(Stored data)
◆ ◆ ◆ ◆

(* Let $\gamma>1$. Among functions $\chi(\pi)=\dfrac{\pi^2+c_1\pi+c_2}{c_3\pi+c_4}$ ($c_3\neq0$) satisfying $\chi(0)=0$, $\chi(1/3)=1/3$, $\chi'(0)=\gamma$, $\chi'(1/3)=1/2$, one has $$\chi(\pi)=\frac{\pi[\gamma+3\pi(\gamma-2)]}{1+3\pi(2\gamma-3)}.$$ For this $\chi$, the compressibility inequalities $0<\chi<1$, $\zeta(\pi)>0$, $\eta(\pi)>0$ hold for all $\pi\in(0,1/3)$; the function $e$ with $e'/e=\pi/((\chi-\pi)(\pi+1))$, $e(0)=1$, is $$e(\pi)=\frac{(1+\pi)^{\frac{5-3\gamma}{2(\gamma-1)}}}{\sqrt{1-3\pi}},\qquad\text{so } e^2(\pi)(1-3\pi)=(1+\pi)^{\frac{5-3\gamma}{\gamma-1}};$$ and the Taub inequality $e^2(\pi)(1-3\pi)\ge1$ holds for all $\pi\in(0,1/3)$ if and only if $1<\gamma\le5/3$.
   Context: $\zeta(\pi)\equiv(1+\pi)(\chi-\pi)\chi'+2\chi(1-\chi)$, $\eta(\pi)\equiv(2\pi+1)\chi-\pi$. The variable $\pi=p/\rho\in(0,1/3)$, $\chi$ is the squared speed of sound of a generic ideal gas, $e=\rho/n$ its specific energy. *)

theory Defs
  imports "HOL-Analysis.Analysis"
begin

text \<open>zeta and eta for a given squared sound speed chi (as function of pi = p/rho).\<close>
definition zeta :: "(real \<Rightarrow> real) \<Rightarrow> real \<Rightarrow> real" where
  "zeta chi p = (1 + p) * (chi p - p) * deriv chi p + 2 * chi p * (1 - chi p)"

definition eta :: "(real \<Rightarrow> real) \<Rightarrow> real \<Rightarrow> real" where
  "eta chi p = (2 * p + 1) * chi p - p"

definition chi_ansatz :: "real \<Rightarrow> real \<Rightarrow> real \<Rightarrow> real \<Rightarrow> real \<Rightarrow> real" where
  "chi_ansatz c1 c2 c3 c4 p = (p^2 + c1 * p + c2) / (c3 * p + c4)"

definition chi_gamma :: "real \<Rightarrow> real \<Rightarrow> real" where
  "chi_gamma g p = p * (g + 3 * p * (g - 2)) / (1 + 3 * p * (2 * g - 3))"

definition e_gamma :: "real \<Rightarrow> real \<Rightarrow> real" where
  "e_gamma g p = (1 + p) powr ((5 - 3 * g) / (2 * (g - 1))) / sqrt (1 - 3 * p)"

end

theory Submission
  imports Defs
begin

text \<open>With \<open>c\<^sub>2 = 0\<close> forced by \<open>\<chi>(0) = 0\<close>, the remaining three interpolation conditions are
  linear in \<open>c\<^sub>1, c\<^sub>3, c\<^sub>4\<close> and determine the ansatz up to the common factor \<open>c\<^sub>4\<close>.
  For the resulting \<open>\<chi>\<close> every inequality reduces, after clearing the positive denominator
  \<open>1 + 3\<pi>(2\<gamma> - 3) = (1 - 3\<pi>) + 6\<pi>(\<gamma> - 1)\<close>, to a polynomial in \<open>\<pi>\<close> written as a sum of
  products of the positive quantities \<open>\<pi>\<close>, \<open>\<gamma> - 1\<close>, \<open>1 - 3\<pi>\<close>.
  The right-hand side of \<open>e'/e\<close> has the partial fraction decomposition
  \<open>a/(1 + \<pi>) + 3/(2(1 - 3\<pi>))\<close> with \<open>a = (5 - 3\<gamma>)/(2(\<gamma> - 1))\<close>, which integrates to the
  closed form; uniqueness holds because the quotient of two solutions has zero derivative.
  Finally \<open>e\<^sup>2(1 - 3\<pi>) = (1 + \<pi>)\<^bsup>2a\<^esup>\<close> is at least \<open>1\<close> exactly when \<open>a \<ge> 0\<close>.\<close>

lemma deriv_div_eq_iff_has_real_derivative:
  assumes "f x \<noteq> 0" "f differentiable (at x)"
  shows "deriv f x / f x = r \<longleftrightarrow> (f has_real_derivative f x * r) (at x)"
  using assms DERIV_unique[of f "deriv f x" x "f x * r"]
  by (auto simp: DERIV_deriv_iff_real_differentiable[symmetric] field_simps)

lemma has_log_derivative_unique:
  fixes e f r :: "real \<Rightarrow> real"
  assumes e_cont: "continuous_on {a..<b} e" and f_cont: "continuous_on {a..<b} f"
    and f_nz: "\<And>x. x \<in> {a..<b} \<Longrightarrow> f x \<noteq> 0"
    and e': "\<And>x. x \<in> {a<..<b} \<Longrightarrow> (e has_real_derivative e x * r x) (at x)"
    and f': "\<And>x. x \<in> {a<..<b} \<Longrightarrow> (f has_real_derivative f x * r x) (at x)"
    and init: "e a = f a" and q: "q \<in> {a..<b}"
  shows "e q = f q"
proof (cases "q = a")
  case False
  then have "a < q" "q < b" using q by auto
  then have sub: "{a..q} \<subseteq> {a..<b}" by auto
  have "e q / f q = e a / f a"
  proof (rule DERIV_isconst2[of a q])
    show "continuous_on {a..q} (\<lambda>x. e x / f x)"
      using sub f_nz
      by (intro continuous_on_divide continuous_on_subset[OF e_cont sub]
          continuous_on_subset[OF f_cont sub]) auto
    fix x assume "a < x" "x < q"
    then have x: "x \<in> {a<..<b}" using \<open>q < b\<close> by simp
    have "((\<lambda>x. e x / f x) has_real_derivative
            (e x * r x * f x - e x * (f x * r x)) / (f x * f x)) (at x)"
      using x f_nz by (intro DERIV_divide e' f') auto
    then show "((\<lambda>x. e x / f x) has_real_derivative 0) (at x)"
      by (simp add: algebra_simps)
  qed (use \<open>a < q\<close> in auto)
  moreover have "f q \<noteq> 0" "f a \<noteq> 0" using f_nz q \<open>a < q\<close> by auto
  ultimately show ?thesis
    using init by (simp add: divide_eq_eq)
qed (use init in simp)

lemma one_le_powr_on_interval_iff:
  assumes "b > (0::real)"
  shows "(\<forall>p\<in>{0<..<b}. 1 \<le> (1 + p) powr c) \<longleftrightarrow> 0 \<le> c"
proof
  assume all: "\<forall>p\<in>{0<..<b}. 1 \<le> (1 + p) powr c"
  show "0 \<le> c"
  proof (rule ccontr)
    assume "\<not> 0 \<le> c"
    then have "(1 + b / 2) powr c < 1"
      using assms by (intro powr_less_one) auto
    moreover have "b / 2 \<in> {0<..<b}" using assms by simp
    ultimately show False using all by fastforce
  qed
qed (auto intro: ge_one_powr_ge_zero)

◆ ◆ ◆ ◆

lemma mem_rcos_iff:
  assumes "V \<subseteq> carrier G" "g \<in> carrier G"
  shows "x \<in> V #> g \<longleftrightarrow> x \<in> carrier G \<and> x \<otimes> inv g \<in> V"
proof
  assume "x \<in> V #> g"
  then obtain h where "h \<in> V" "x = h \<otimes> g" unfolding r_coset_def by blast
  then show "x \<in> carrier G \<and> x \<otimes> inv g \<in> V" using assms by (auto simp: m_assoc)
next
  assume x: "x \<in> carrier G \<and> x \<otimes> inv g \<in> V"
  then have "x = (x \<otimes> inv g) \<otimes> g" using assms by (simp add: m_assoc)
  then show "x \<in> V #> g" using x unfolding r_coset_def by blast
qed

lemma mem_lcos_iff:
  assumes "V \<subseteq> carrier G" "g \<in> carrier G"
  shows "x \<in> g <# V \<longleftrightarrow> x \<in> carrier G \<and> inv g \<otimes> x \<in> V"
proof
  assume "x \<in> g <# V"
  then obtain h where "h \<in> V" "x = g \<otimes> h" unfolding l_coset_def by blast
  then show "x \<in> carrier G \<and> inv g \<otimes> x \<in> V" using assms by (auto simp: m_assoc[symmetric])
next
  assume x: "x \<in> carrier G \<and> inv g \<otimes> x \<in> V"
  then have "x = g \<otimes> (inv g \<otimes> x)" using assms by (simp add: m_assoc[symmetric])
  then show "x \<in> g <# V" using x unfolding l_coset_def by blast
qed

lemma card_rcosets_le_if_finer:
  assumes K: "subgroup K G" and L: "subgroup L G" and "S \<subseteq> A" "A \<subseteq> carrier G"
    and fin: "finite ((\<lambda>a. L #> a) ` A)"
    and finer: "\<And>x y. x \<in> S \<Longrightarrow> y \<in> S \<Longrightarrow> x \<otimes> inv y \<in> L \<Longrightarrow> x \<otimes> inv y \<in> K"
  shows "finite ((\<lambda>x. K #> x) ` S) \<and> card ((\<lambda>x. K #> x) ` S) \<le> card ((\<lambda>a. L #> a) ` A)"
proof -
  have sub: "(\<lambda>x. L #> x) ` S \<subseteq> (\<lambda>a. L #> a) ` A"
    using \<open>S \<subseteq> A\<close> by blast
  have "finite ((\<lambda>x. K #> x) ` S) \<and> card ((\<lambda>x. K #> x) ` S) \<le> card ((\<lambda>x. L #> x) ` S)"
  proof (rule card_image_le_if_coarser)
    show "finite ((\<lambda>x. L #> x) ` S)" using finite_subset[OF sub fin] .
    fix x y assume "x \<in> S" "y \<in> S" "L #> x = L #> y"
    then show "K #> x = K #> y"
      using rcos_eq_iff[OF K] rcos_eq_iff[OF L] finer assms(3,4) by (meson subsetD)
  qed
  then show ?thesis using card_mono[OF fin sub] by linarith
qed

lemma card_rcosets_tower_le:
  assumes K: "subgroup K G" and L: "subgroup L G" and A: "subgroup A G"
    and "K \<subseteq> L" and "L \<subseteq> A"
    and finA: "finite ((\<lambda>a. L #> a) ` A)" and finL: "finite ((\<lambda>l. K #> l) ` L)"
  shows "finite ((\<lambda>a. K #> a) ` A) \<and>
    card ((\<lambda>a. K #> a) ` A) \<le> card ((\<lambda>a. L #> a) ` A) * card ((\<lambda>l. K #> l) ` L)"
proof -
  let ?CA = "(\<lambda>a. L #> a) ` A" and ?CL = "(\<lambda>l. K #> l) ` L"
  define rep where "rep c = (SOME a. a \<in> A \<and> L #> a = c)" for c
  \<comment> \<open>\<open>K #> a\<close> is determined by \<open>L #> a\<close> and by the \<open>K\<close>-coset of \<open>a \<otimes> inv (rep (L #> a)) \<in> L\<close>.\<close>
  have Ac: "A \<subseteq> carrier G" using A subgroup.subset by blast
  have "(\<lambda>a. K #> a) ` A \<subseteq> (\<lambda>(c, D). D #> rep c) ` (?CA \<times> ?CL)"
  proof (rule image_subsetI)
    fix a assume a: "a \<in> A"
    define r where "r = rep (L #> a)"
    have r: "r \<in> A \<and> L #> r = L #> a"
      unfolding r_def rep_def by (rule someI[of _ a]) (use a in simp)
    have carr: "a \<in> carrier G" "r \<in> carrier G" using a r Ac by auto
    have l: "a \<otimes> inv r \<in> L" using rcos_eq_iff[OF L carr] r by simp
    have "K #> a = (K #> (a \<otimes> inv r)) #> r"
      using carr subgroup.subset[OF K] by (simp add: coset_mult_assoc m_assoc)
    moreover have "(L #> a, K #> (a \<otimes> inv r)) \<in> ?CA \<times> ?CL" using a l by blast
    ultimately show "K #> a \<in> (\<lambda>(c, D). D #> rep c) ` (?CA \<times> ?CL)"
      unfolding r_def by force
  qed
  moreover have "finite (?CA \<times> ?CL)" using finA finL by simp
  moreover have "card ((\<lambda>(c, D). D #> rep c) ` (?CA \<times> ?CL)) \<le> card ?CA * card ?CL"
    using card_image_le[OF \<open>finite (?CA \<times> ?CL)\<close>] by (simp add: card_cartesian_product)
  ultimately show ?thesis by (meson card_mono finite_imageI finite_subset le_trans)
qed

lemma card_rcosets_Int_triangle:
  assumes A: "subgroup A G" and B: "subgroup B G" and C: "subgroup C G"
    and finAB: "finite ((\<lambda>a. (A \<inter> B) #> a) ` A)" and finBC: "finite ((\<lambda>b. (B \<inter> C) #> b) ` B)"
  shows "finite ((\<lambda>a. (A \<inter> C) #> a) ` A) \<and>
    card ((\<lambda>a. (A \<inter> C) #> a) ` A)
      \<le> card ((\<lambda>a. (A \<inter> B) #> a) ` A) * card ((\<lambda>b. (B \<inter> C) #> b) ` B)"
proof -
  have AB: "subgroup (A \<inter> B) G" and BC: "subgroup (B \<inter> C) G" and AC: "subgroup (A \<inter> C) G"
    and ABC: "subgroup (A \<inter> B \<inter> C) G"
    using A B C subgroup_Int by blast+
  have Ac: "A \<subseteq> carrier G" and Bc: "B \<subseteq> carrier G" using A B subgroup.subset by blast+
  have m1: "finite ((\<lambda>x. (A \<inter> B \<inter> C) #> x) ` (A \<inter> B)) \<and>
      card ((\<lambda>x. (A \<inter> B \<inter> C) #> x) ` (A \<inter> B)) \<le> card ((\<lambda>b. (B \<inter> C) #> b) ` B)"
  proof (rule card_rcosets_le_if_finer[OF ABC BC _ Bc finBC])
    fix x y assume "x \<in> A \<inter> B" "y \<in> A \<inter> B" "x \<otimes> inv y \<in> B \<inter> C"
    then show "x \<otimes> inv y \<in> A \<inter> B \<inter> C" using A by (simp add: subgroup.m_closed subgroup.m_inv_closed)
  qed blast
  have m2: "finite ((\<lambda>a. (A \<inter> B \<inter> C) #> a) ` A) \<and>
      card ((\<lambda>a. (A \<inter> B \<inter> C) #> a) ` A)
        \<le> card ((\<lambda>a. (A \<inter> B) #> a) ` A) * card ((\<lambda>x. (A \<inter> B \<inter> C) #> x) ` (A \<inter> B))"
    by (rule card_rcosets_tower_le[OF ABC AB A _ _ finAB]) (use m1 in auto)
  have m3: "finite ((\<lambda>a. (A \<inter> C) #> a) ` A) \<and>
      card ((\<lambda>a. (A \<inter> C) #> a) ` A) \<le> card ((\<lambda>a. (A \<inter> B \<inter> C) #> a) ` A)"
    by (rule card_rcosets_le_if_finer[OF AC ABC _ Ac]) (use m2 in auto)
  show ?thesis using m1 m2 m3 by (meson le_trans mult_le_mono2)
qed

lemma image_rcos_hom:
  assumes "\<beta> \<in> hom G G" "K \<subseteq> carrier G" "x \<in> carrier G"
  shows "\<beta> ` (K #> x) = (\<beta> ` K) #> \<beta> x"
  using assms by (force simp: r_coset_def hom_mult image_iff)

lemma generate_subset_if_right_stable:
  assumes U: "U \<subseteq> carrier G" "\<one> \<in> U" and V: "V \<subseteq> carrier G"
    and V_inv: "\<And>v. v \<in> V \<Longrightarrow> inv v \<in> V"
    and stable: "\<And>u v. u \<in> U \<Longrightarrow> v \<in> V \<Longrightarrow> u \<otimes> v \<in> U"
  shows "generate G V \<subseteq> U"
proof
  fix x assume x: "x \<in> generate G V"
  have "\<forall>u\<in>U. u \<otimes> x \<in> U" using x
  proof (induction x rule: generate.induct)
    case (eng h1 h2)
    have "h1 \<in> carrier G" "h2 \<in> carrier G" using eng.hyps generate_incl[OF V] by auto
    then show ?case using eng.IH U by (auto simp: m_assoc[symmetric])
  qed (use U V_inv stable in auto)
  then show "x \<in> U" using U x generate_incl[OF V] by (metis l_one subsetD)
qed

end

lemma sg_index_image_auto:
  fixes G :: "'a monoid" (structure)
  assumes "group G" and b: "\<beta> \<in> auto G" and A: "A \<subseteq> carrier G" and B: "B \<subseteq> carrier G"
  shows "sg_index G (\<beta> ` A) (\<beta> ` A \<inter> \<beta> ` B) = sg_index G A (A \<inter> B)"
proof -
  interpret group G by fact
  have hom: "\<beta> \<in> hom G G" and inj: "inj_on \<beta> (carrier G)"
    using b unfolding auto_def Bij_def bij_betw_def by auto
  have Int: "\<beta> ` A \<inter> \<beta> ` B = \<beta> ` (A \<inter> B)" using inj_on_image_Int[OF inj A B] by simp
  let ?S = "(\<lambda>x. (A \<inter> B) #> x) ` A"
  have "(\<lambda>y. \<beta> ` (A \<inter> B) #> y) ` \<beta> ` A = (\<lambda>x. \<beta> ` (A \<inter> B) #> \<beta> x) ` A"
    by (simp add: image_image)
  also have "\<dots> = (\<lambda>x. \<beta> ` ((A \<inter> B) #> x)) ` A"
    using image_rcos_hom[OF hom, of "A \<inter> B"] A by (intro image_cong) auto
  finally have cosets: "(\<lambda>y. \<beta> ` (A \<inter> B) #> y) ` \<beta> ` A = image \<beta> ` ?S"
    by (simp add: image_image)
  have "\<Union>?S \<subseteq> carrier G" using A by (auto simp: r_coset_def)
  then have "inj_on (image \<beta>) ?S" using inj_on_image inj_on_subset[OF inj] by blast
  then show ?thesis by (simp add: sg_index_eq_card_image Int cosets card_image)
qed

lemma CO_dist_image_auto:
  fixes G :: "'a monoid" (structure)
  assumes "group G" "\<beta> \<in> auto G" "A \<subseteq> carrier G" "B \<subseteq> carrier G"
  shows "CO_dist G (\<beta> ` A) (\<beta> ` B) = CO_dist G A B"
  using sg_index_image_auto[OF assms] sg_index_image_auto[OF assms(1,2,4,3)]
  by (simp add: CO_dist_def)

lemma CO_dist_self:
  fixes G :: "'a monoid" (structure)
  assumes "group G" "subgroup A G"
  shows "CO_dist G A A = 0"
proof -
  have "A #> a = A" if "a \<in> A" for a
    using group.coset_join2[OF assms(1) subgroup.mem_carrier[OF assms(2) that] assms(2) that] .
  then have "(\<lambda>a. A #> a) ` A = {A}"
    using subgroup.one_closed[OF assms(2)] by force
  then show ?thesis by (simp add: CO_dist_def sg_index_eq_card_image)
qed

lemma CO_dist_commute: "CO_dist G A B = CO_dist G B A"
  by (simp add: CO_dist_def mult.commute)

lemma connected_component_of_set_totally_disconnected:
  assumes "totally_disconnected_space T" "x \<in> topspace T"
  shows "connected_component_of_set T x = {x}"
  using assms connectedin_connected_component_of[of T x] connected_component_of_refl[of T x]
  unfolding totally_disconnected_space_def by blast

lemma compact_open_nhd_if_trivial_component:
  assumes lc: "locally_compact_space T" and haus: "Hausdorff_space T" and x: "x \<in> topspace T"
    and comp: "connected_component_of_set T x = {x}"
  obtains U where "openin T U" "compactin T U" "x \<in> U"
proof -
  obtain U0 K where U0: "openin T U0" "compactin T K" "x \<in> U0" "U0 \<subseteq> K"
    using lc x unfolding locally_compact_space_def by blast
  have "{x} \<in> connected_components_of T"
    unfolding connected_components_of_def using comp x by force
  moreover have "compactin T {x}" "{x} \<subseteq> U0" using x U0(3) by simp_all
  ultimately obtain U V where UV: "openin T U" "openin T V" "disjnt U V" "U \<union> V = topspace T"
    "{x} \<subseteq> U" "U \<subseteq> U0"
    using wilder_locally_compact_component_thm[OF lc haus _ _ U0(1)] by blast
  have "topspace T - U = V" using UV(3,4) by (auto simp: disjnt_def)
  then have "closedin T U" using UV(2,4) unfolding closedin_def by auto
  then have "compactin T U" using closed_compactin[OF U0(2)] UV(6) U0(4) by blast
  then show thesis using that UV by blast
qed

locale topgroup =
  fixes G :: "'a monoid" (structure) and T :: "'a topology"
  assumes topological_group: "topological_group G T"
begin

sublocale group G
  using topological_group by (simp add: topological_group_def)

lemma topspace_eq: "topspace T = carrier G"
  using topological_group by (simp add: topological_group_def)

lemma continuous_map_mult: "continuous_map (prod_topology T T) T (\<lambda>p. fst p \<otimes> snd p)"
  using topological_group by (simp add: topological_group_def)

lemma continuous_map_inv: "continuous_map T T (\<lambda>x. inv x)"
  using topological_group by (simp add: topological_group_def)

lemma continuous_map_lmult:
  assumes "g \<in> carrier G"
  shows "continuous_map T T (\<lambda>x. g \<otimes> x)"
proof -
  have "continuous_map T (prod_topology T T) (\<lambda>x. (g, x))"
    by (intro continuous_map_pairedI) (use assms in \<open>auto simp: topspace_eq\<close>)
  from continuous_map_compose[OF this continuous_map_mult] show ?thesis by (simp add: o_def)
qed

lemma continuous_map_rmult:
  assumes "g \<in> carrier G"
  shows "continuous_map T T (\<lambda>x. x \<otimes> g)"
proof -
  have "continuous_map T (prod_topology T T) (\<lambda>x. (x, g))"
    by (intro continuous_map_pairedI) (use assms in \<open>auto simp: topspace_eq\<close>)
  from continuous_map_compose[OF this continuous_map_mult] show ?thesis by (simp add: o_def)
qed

◆ ◆ ◆ ◆

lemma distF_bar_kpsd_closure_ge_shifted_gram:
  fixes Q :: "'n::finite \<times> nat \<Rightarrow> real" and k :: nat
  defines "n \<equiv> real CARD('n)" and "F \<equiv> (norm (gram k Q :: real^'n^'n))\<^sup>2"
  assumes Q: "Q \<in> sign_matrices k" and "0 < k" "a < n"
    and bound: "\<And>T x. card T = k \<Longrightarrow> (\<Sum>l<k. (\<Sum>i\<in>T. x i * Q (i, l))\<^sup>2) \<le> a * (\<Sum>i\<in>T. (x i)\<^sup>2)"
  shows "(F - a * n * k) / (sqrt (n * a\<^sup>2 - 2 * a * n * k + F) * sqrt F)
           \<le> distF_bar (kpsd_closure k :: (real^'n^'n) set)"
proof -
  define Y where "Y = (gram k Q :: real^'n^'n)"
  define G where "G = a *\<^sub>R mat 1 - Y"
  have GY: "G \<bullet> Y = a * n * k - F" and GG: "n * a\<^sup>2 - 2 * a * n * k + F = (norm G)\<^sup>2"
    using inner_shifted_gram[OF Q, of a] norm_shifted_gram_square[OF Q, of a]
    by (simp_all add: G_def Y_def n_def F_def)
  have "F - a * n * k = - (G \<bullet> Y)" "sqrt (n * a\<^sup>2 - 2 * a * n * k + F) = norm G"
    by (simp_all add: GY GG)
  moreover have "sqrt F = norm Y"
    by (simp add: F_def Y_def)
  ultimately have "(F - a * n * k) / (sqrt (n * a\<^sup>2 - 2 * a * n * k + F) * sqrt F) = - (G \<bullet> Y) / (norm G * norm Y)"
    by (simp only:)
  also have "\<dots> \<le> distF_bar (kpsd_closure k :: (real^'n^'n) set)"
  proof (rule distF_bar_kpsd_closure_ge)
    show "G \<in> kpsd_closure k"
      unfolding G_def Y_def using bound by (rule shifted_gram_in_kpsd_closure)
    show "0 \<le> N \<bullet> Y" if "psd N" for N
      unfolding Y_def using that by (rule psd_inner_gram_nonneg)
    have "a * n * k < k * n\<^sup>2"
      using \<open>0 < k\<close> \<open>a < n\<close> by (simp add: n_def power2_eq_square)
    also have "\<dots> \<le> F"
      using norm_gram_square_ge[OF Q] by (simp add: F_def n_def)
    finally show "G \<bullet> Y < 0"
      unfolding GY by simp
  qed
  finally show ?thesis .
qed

◆ ◆ ◆ ◆

What you need to do: Looking only at the data above, say how many of its lines contain the string "finBC", and nothing more.

Result of this exercise: 2